Friday, 2 October 2015

02/10/15 - Venn Diesel



A lot of people spend their lives entirely preoccupied with attempting to position themselves in a favourable spot on the fame/riches/happiness Venn diagram. It’s a rare and special thing to find yourself in that hallowed, curvaceous triangle in the centre. Shifting from the outer edges into the middle, permeating those unyielding membranes, requires effort that can consume lives. You don’t get awarded it for free, despite what X Factor contestants may believe. It comes from dedicated endeavour, a sprinkle of chutzpah and a whole lot of talent. To be rich, famous and happy, if that’s your thing, is something that needs to be earned.
So how’s your life going? Is it as interesting as you thought it would be? Which of the circles do you find yourself in? Does it cross over with any of the other circles? Do you even care?

It’s easy to bang on about trying hard and earning your wings, but it doesn’t work out perfectly for everyone. (Of course it doesn’t, otherwise it wouldn’t be special, it’d just be the norm.) Take, for example, the life of Rudolf Diesel. You all know his name. The fuel and the engine that leap to mind are the correct answer – he is that Diesel. And his story is really quite unfortunate.

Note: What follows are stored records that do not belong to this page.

text \<open>
  Write \<open>G x = \<chi> b(x) + c(x)\<close>, so that \<open>G 0 = 0\<close> and \<open>G K = D\<close>. Pointwise,
  \<open>u\<^sub>X - \<kappa> - \<chi> (u\<^sub>Y - \<kappa>) = (b y + \<chi> c y + (\<chi> - 1) \<kappa>) - G x = \<lambda> D p(y) + (1 - \<lambda>) D p\<^sub>0 - G x\<close>.
  Since X plays \<open>K\<close> with probability \<open>p(y\<^sub>t)\<close> in round \<open>t + 1\<close> and with probability \<open>p\<^sub>0\<close>
  in round 0, the expected value \<open>x\<^sub>t\<close> of \<open>G\<close> at X's action in round \<open>t\<close> satisfies
  \<open>x\<^sub>t\<^sub>+\<^sub>1 = D \<bbbE>[p(y\<^sub>t)]\<close> and \<open>x\<^sub>0 = D p\<^sub>0\<close>. Hence the discounted sum of
  \<open>\<lambda> D p(y\<^sub>t) - G(x\<^sub>t)\<close> telescopes to \<open>-x\<^sub>0\<close>, and the constant terms cancel exactly.
\<close>

lemma space_act_space: "space (act_space K) = {0..K}"
  by (simp add: act_space_def space_restrict_space)

lemma space_pair_space: "space (pair_space K) = {0..K} \<times> {0..K}"
  by (simp add: pair_space_def space_pair_measure space_act_space)

lemma singleton_in_sets_act_space: "x \<in> {0..K} \<Longrightarrow> {x} \<in> sets (act_space K)"
  unfolding act_space_def by (auto simp: sets_restrict_space_iff)

subsection \<open>Two-point measures\<close>

lemma sets_two_point [simp]: "sets (two_point K q) = sets (act_space K)"
  unfolding two_point_def by (simp add: sets.sets_measure_of_eq)

lemma space_two_point [simp]: "space (two_point K q) = space (act_space K)"
  by (rule sets_eq_imp_space_eq) simp

lemma emeasure_two_point:
  assumes A: "A \<in> sets (act_space K)"
  shows "emeasure (two_point K q) A = ennreal (1 - q) * indicator A 0 + ennreal q * indicator A K"
proof -
  let ?M = "act_space K"
  let ?\<mu> = "\<lambda>E. ennreal (1 - q) * emeasure (return ?M 0) E + ennreal q * emeasure (return ?M K) E"
  have "countably_additive (sets ?M) ?\<mu>"
  proof (unfold countably_additive_def, intro allI impI)
    fix F :: "nat \<Rightarrow> real set"
    assume F: "range F \<subseteq> sets ?M" "disjoint_family F" "\<Union> (range F) \<in> sets ?M"
    have "(\<Sum>i. emeasure (return ?M z) (F i)) = emeasure (return ?M z) (\<Union> (range F))" for z
      using F by (intro suminf_emeasure) auto
    then show "(\<Sum>i. ?\<mu> (F i)) = ?\<mu> (\<Union> (range F))"
      by (subst suminf_add[symmetric]) auto
  qed
  then have "emeasure (two_point K q) A = ?\<mu> A"
    unfolding two_point_def
    by (intro emeasure_measure_of_sigma[OF sets.sigma_algebra_axioms _ _ A]) (auto simp: positive_def)
  then show ?thesis
    using A by simp
qed

lemma prob_space_two_point:
  assumes "K > 0" "0 \<le> q" "q \<le> 1"
  shows "prob_space (two_point K q)"
proof (rule prob_spaceI)
  have "space (act_space K) \<in> sets (act_space K)"
    by simp
  then show "emeasure (two_point K q) (space (two_point K q)) = 1"
    using assms
    by (simp add: emeasure_two_point space_act_space ennreal_plus[symmetric] del: ennreal_plus)
qed

lemma integral_two_point:
  fixes F :: "real \<Rightarrow> real"
  assumes K: "K > 0" and q: "0 \<le> q" "q \<le> 1" and F: "F \<in> borel_measurable (act_space K)"
  shows "(\<integral>x. F x \<partial>two_point K q) = (1 - q) * F 0 + q * F K"
proof -
  interpret prob_space "two_point K q"
    by (rule prob_space_two_point[OF assms(1-3)])
  have s0: "{0} \<in> sets (act_space K)" and sK: "{K} \<in> sets (act_space K)"
    using K by (auto intro: singleton_in_sets_act_space)
  have N: "space (act_space K) - {0, K} \<in> sets (act_space K)"
    using s0 sK by (metis Diff_insert sets.Diff sets.top)
  then have "emeasure (two_point K q) (space (act_space K) - {0, K}) = 0"
    by (simp add: emeasure_two_point)
  then have "AE x in two_point K q. x \<in> {0, K}"
    using N by (intro AE_I'[where N="space (act_space K) - {0, K}"]) auto
  then have "(\<integral>x. F x \<partial>two_point K q)
      = (\<integral>x. F 0 * indicator {0} x + F K * indicator {K} x \<partial>two_point K q)"
    using K s0 sK
    by (intro integral_cong_AE)
       (auto simp: F measurable_cong_sets[OF sets_two_point refl] split: split_indicator)
  also have "\<dots> = F 0 * measure (two_point K q) {0} + F K * measure (two_point K q) {K}"
    using s0 sK
    by (subst Bochner_Integration.integral_add)
       (auto intro!: integrable_real_mult_indicator simp: less_top[symmetric])
  also have "measure (two_point K q) {0} = 1 - q"
    using s0 K q by (simp add: measure_def emeasure_two_point)
  also have "measure (two_point K q) {K} = q"
    using sK K q by (simp add: measure_def emeasure_two_point)
  finally show ?thesis
    by simp
qed

subsection \<open>The law of the play\<close>

lemma measurable_hist_component:
  "t < T \<Longrightarrow> (\<lambda>h. h t) \<in> hist_space K T \<rightarrow>\<^sub>M pair_space K"
  unfolding hist_space_def by (rule measurable_component_singleton) auto

lemma measurable_hist_update:
  "(\<lambda>(h, a). h(T := a)) \<in> hist_space K T \<Otimes>\<^sub>M pair_space K \<rightarrow>\<^sub>M hist_space K (Suc T)"
proof -
  have "(\<lambda>x. (fst x)(T := snd x)) \<in> hist_space K T \<Otimes>\<^sub>M pair_space K \<rightarrow>\<^sub>M hist_space K (Suc T)"
    unfolding hist_space_def by (rule measurable_fun_upd[where J="{..<T}"]) auto
  then show ?thesis
    by (simp add: case_prod_beta')
qed

lemma behavioral_strategy_in_prob_algebra:
  assumes "behavioral_strategy K \<sigma>" "h \<in> space (hist_space K T)"
  shows "\<sigma> T h \<in> space (prob_algebra (act_space K))"
  using assms by (auto simp: behavioral_strategy_def dest: measurable_space)

lemma measurable_play_step_kernel:
  assumes "behavioral_strategy K \<sigma>X" "behavioral_strategy K \<sigma>Y"
  shows "(\<lambda>h. distr (\<sigma>X (Suc t) h \<Otimes>\<^sub>M \<sigma>Y (Suc t) h) (hist_space K (Suc (Suc t))) (\<lambda>a. h(Suc t := a)))
     \<in> hist_space K (Suc t) \<rightarrow>\<^sub>M prob_algebra (hist_space K (Suc (Suc t)))"
proof (rule measurable_distr_prob_space2)
  show "(\<lambda>h. \<sigma>X (Suc t) h \<Otimes>\<^sub>M \<sigma>Y (Suc t) h) \<in> hist_space K (Suc t) \<rightarrow>\<^sub>M prob_algebra (pair_space K)"
    unfolding pair_space_def
    using assms by (intro measurable_pair_prob) (auto simp: behavioral_strategy_def)
qed (rule measurable_hist_update)

lemma play_in_prob_algebra:
  assumes X: "behavioral_strategy K \<sigma>X" and Y: "behavioral_strategy K \<sigma>Y"
  shows "play K \<sigma>X \<sigma>Y t \<in> space (prob_algebra (hist_space K (Suc t)))"
proof (induction t)
  case 0
  have "(\<lambda>_. undefined) \<in> space (hist_space K 0)"
    unfolding hist_space_def by (simp add: space_PiM)
  then have "\<sigma>X 0 (\<lambda>_. undefined) \<Otimes>\<^sub>M \<sigma>Y 0 (\<lambda>_. undefined) \<in> space (prob_algebra (pair_space K))"
    using behavioral_strategy_in_prob_algebra[OF X] behavioral_strategy_in_prob_algebra[OF Y]
    by (auto simp: space_prob_algebra pair_space_def intro!: prob_space_pair sets_pair_measure_cong)
  moreover have "(\<lambda>a. (\<lambda>i\<in>{..<1::nat}. a)) \<in> pair_space K \<rightarrow>\<^sub>M hist_space K 1"
    unfolding hist_space_def by (rule measurable_restrict) auto
  ultimately show ?case
    using measurable_space[OF measurable_distr_prob_space] by simp
next
  case (Suc t)
  note k = measurable_play_step_kernel[OF X Y, of t]
  show ?case
    using prob_space_bind'[OF Suc k] sets_bind'[OF Suc k] by (simp add: space_prob_algebra)
qed

lemma
  assumes "behavioral_strategy K \<sigma>X" "behavioral_strategy K \<sigma>Y"
  shows sets_play: "sets (play K \<sigma>X \<sigma>Y t) = sets (hist_space K (Suc t))"
    and prob_space_play: "prob_space (play K \<sigma>X \<sigma>Y t)"
  using play_in_prob_algebra[OF assms, of t] by (auto simp: space_prob_algebra)

lemma sets_action_law: "sets (action_law K \<sigma>X \<sigma>Y t) = sets (pair_space K)"
  by (simp add: action_law_def)

lemma space_action_law: "space (action_law K \<sigma>X \<sigma>Y t) = {0..K} \<times> {0..K}"
  by (simp add: action_law_def space_pair_space)

lemma measurable_play_component:
  assumes "behavioral_strategy K \<sigma>X" "behavioral_strategy K \<sigma>Y"
  shows "(\<lambda>h. h t) \<in> play K \<sigma>X \<sigma>Y t \<rightarrow>\<^sub>M pair_space K"
  using measurable_hist_component[of t "Suc t" K] sets_play[OF assms]
  by (simp cong: measurable_cong_sets)

lemma prob_space_action_law:
  assumes "behavioral_strategy K \<sigma>X" "behavioral_strategy K \<sigma>Y"
  shows "prob_space (action_law K \<sigma>X \<sigma>Y t)"
  unfolding action_law_def
  using prob_space_play[OF assms] measurable_play_component[OF assms]
  by (intro prob_space.prob_space_distr) auto

lemma integral_action_law:
  fixes F :: "real \<times> real \<Rightarrow> real"
  assumes "behavioral_strategy K \<sigma>X" "behavioral_strategy K \<sigma>Y"
    and "F \<in> borel_measurable (pair_space K)"
  shows "(\<integral>a. F a \<partial>action_law K \<sigma>X \<sigma>Y t) = (\<integral>h. F (h t) \<partial>play K \<sigma>X \<sigma>Y t)"
  unfolding action_law_def by (rule integral_distr[OF measurable_play_component[OF assms(1,2)] assms(3)])

lemma
  fixes f :: "real \<times> real \<Rightarrow> real"
  assumes "behavioral_strategy K \<sigma>X" "behavioral_strategy K \<sigma>Y"
    and f: "f \<in> borel_measurable (pair_space K)" "\<And>a. a \<in> {0..K} \<times> {0..K} \<Longrightarrow> \<bar>f a\<bar> \<le> B"
  shows integrable_action_law: "integrable (action_law K \<sigma>X \<sigma>Y t) f"
    and abs_integral_action_law_le: "\<bar>\<integral>a. f a \<partial>action_law K \<sigma>X \<sigma>Y t\<bar> \<le> B"
proof -
  interpret prob_space "action_law K \<sigma>X \<sigma>Y t"
    by (rule prob_space_action_law[OF assms(1,2)])
  have fm: "f \<in> borel_measurable (action_law K \<sigma>X \<sigma>Y t)"
    using f(1) by (simp cong: measurable_cong_sets[OF sets_action_law refl])
  show i: "integrable (action_law K \<sigma>X \<sigma>Y t) f"
    using fm f(2) by (intro integrable_const_bound[where B=B]) (auto simp: space_action_law)
  have "\<bar>\<integral>a. f a \<partial>action_law K \<sigma>X \<sigma>Y t\<bar> \<le> (\<integral>a. \<bar>f a\<bar> \<partial>action_law K \<sigma>X \<sigma>Y t)"
    by (rule integral_abs_bound)
  also have "\<dots> \<le> B"
    using i f(2) by (intro integral_le_const) (auto simp: space_action_law)
  finally show "\<bar>\<integral>a. f a \<partial>action_law K \<sigma>X \<sigma>Y t\<bar> \<le> B" .
qed

subsection \<open>The expected action of X\<close>

lemma integral_fst_pair_measure:
  fixes G :: "real \<Rightarrow> real"
  assumes M: "M \<in> space (prob_algebra (act_space K))" and N: "N \<in> space (prob_algebra (act_space K))"
    and G: "G \<in> borel_measurable (act_space K)"
  shows "(\<integral>a. G (fst a) \<partial>(M \<Otimes>\<^sub>M N)) = (\<integral>x. G x \<partial>M)"
proof -
  interpret N: prob_space N
    using N by (simp add: space_prob_algebra)
  have "G \<in> borel_measurable M"
    using M G by (simp add: space_prob_algebra cong: measurable_cong_sets)
  then have "(\<integral>x. G x \<partial>distr (M \<Otimes>\<^sub>M N) M fst) = (\<integral>a. G (fst a) \<partial>(M \<Otimes>\<^sub>M N))"
    by (intro integral_distr) auto
  then show ?thesis
    by (simp add: N.distr_pair_fst)
qed

lemma measurable_fst_hist_component:
  assumes "t < T" "G \<in> borel_measurable (act_space K)"
  shows "(\<lambda>h. G (fst (h t))) \<in> borel_measurable (hist_space K T)"
proof -
  have "fst \<in> pair_space K \<rightarrow>\<^sub>M act_space K"
    unfolding pair_space_def by simp
  with measurable_hist_component[OF assms(1)]
  have "(\<lambda>h. fst (h t)) \<in> hist_space K T \<rightarrow>\<^sub>M act_space K"
    by (rule measurable_compose)
  from measurable_compose[OF this assms(2)] show ?thesis .
qed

Born in Paris in 1858, his Bavarian immigrant parents encouraged in him an enthusiasm for engineering, for taking things apart just to see how they worked. From his teens it was his life’s ambition to be a great engineer, with the ultimate goal of developing an engine that would revolutionise industry at all levels; one that would be efficient and economical, adaptable and clean, and chase away the scourge of filthy steam-engines that were caking the world’s industrial centres with choking soot.

Growing up in Paris was tough for a family of Bavarian extraction; Diesel’s father, a leather goods manufacturer, had relocated the family there in the hope of an economic recovery that never came. The Franco-Prussian war saw them expelled from the country - Bavaria being a Prussian ally - and the family fled for London. They were working-class refugees, and found no opportunities. They quickly fell into poverty. In an effort to secure a better future for their offspring, Rudolf’s parents packed him off to a relative in Bavaria.
Dispossessed and disillusioned, Diesel threw himself into his studies and proved to be a fiercely intelligent young man, gaining a scholarship to an engineering institution and graduating with honours – despite battling typhoid along the way.

Entering the burgeoning refrigeration industry, he soon became respected as a skilled and astute authority in the discipline. But he still nurtured his dream of creating that revolutionary, world-changing engine, and set about developing prototypes to crack the problem and ultimately make the world a better place. This didn’t go brilliantly to begin with. An early experiment with an adapted steam engine fuelled by ammonia vapour exploded and nearly killed him, sending him limping and wheezing back to the drawing board, his eyesight irreparably damaged. He refocused his efforts on the concept of compression ignition. His first effort in this field also exploded and nearly killed him. An intrepid fellow, he analysed the nature of the explosion, realised he was working along the right lines, and persevered with compression ignition until he made it work. It took years of arduous physical and mental strain and left him a broken man, but eventually, by 1894, the Diesel engine was a real, workable thing. It entered full production in 1898. The dream of a now frail and damaged man was finally coming true.

So going back to our Venn diagram, it seems that Diesel had cause to be happy at last. He was famous, too – his invention was genuinely good, just as he always knew it would be. And the riches? Yes, they were starting to roll in.
…but numerous other innovators were experimenting with compression ignition at this time, and Rudolf found himself plagued by nuisance lawsuits, all of them expensive to battle. He’d never really been that financially astute either, and lost vast swathes of his earnings to iffy investment schemes. His family helped to extravagantly fritter away what was left on luxuries and trinkets.
Furthermore, he’d sold the rights to control manufacture with the initial designs, so the engines being built and sold were nowhere near his own high standards. Substandard machinery was going out in his name, and his reputation and public image quickly soured. By 1912 he was desolate, derided and penniless.

The stress of his crushed and faded dreams brought on gout, migraines and chest pains, and he became irretrievably, clinically depressed. On September 29th 1913, travelling on a cross-Channel ferry to attend the groundbreaking of an English factory, he threw himself over the ship’s railings to his death. He left no suicide note, merely bequeathing to his wife a small bag containing the few pennies he could scrape together, and a sheaf of bank statements indicating that all of their accounts were empty.

Diesel is more than just a word. Think about that the next time you’re at the pumps.
Maybe it’s not worth aspiring to more than one circle.